If you read my recent review of the book “Boom and Bust” you will realise that these changes (a rise in liquidity from lower trading costs and money being pumped in) are common drivers of speculative bubbles. It is surely time to be wary.

Verici Dx

I am still on the look-out though for interesting small cap stocks. One company I thought I might understand is Verici Dx (VRCI). The company is focused on producing better control of immunosuppression in kidney transplant patients who often suffer from damaging graft rejection. That may not be obvious from current blood tests used to monitor transplants.  As a transplant patient of 20+ years standing I thought I might understand the business.

So I read the prospectus for their IPO on AIM last November. Market cap is now over £100 million but with no revenue or profits. The company is a spin-off from Renalytix AI (RENX) with a similar financial profile and market cap of £640 million but they do expect some sales in 2021.

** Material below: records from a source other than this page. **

(* Let $(X,A,Y)$ be jointly distributed with $A,Y\in\{0,1\}$, and assume there exist deterministic functions $f_Y^*,f_A^*$ with $Y=f_Y^*(X)$ and $A=f_A^*(X)$. Then, minimizing over all (possibly randomized) representations $Z=g(X)$, $$\min_{Z:\ I(Y;Z)=H(Y)} I(A;Z)=I(A;Y).$$
   Context: A (possibly randomized) representation is $Z=g(X,S)$ for a measurable $g$ and auxiliary randomness $S$ independent of $(X,A,Y)$. $H$ denotes Shannon entropy and $I$ mutual information. *)

theory Defs
  imports "HOL-Probability.Probability"
begin

end

theory Submission
  imports Defs
begin

(* Let q(z) be a version of P(Y | Z = z), obtained as a Radon-Nikodym derivative with respect to the
   law of Z. Since Y is Boolean, I(Y;Z) - H(Y) is minus the expectation of the binary entropy of
   q(Z), which is nonnegative and vanishes only at 0 and 1. Hence I(Y;Z) = H(Y) forces q(Z) in {0,1}
   almost surely, i.e. Y = h(Z) almost surely for the measurable h z = (q z = 1). Then
   I(A;Y) = I(A;h(Z)) <= I(A;Z), the last step being data processing, which for Boolean A follows
   from the tower property of conditional probabilities and the pointwise inequality ln u <= u - 1.
   Conversely Z = Y (with trivial auxiliary randomness) satisfies I(Y;Z) = H(Y) and I(A;Z) = I(A;Y). *)

section \<open>Boolean random variables and elementary inequalities\<close>

lemma emeasure_Collect_split_bool:
  fixes D :: "'a \<Rightarrow> bool"
  assumes "\<And>d. {\<omega>\<in>space M. D \<omega> = d \<and> Q d \<omega>} \<in> sets M"
  shows "emeasure M {\<omega>\<in>space M. Q (D \<omega>) \<omega>} = (\<Sum>d\<in>UNIV. emeasure M {\<omega>\<in>space M. D \<omega> = d \<and> Q d \<omega>})"
proof -
  have split: "{\<omega>\<in>space M. Q (D \<omega>) \<omega>} =
      {\<omega>\<in>space M. D \<omega> = True \<and> Q True \<omega>} \<union> {\<omega>\<in>space M. D \<omega> = False \<and> Q False \<omega>}"
  proof (rule set_eqI)
    fix \<omega> show "\<omega> \<in> {\<omega>\<in>space M. Q (D \<omega>) \<omega>} \<longleftrightarrow> \<omega> \<in> {\<omega>\<in>space M. D \<omega> = True \<and> Q True \<omega>} \<union> {\<omega>\<in>space M. D \<omega> = False \<and> Q False \<omega>}"
      by (cases "D \<omega>") auto
  qed
  show ?thesis
    unfolding split UNIV_bool by (subst plus_emeasure[symmetric]) (use assms[of True] assms[of False] in auto)
qed

lemma (in prob_space) prob_True_add_prob_False:
  fixes D :: "'a \<Rightarrow> bool"
  assumes [measurable]: "D \<in> measurable M (count_space UNIV)"
  shows "prob {\<omega>\<in>space M. D \<omega> = True} + prob {\<omega>\<in>space M. D \<omega> = False} = 1"
proof -
  have "{\<omega>\<in>space M. D \<omega> = False} = space M - {\<omega>\<in>space M. D \<omega> = True}" by auto
  moreover have "{\<omega>\<in>space M. D \<omega> = True} \<in> events" by measurable
  ultimately show ?thesis using prob_compl by simp
qed

lemma (in prob_space) distr_bool_eq_density:
  fixes D :: "'a \<Rightarrow> bool"
  assumes [measurable]: "D \<in> measurable M (count_space UNIV)"
  shows "distr M (count_space UNIV) D = density (count_space UNIV) (\<lambda>d. prob {\<omega>\<in>space M. D \<omega> = d})"
proof (rule measure_eqI)
  fix B :: "bool set"
  have "emeasure (distr M (count_space UNIV) D) B = emeasure M {\<omega>\<in>space M. D \<omega> \<in> B}"
    by (subst emeasure_distr) (auto simp: vimage_def Int_def conj_commute)
  also have "\<dots> = (\<Sum>d\<in>UNIV. emeasure M {\<omega>\<in>space M. D \<omega> = d \<and> d \<in> B})"
    by (rule emeasure_Collect_split_bool) auto
  also have "\<dots> = (\<Sum>d\<in>UNIV. ennreal (prob {\<omega>\<in>space M. D \<omega> = d}) * indicator B d)"
    by (intro sum.cong) (auto simp: emeasure_eq_measure indicator_def)
  also have "\<dots> = emeasure (density (count_space UNIV) (\<lambda>d. prob {\<omega>\<in>space M. D \<omega> = d})) B"
    by (simp add: emeasure_density nn_integral_count_space_finite)
  finally show "emeasure (distr M (count_space UNIV) D) B =
      emeasure (density (count_space UNIV) (\<lambda>d. prob {\<omega>\<in>space M. D \<omega> = d})) B" .
qed simp

lemma (in prob_space) distr_bool_pair_measure_eq_density:
  fixes D :: "'a \<Rightarrow> bool"
  assumes D[measurable]: "D \<in> measurable M (count_space UNIV)" and N: "sigma_finite_measure N"
  shows "distr M (count_space UNIV) D \<Otimes>\<^sub>M N =
    density (count_space UNIV \<Otimes>\<^sub>M N) (\<lambda>x. prob {\<omega>\<in>space M. D \<omega> = fst x})"
proof -
  have "density (count_space UNIV) (\<lambda>d. prob {\<omega>\<in>space M. D \<omega> = d}) \<Otimes>\<^sub>M density N (\<lambda>_. 1) =
      density (count_space UNIV \<Otimes>\<^sub>M N) (\<lambda>(d, z). ennreal (prob {\<omega>\<in>space M. D \<omega> = d}) * 1)"
    by (rule pair_measure_density) (auto simp: density_1 N)
  then show ?thesis
    by (simp add: distr_bool_eq_density[OF D] density_1 case_prod_beta')
qed

lemma (in information_space) entropy_bool:
  fixes D :: "'a \<Rightarrow> bool"
  assumes D[measurable]: "D \<in> measurable M (count_space UNIV)"
  shows "entropy b (count_space UNIV) D =
    - (\<Sum>d\<in>UNIV. prob {\<omega>\<in>space M. D \<omega> = d} * log b (prob {\<omega>\<in>space M. D \<omega> = d}))"
proof -
  have "distributed M (count_space UNIV) D (\<lambda>d. prob {\<omega>\<in>space M. D \<omega> = d})"
    unfolding distributed_def using distr_bool_eq_density[OF D] by auto
  then show ?thesis
    by (subst entropy_distr) (auto simp: lebesgue_integral_count_space_finite)
qed

lemma abs_mult_log_div_le:
  fixes x p b :: real
  assumes "0 \<le> x" "x \<le> 1" "0 < p" "1 < b"
  shows "\<bar>x * log b (x / p)\<bar> \<le> (1 + \<bar>ln p\<bar>) / ln b"
proof (cases "x = 0")
  case True
  then show ?thesis using assms by simp
next
  case False
  then have x: "0 < x" using assms by simp
  have "ln (1 / x) \<le> 1 / x - 1" using x by (intro ln_le_minus_one) simp
  then have "x * - ln x \<le> x * (1 / x - 1)" using x by (intro mult_left_mono) (auto simp: ln_div)
  moreover have "x * (1 / x - 1) = 1 - x" using x by (simp add: field_simps)
  ultimately have "-1 \<le> x * ln x" using assms by linarith
  moreover have "x * ln x \<le> 0" using x assms by (simp add: mult_nonneg_nonpos)
  moreover have "\<bar>x * ln p\<bar> \<le> \<bar>ln p\<bar>" using assms by (simp add: abs_mult mult_left_le_one_le)
  ultimately have "\<bar>x * ln x - x * ln p\<bar> \<le> 1 + \<bar>ln p\<bar>" by linarith
  moreover have "x * log b (x / p) = (x * ln x - x * ln p) / ln b"
    using x assms by (simp add: log_def ln_div field_simps)
  ultimately show ?thesis
    using assms by (simp add: abs_div divide_right_mono)
qed

lemma mult_log_nonpos:
  fixes x b :: real
  assumes "0 \<le> x" "x \<le> 1" "1 < b"
  shows "x * log b x \<le> 0"
  using assms by (cases "x = 0") (auto intro: mult_nonneg_nonpos)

Both companies have some interesting technology which might certainly be beneficial to kidney disease patients, but the technology is not just unproven but adoption by clinicians might be slow and there are potential competitors.

I consider the valuations way too high for such early-stage businesses even if the potential markets for the technology might be large. A frothy market for such companies puts me off investing until they actually show some revenue. Perhaps these are companies to keep an eye on rather than jump in now.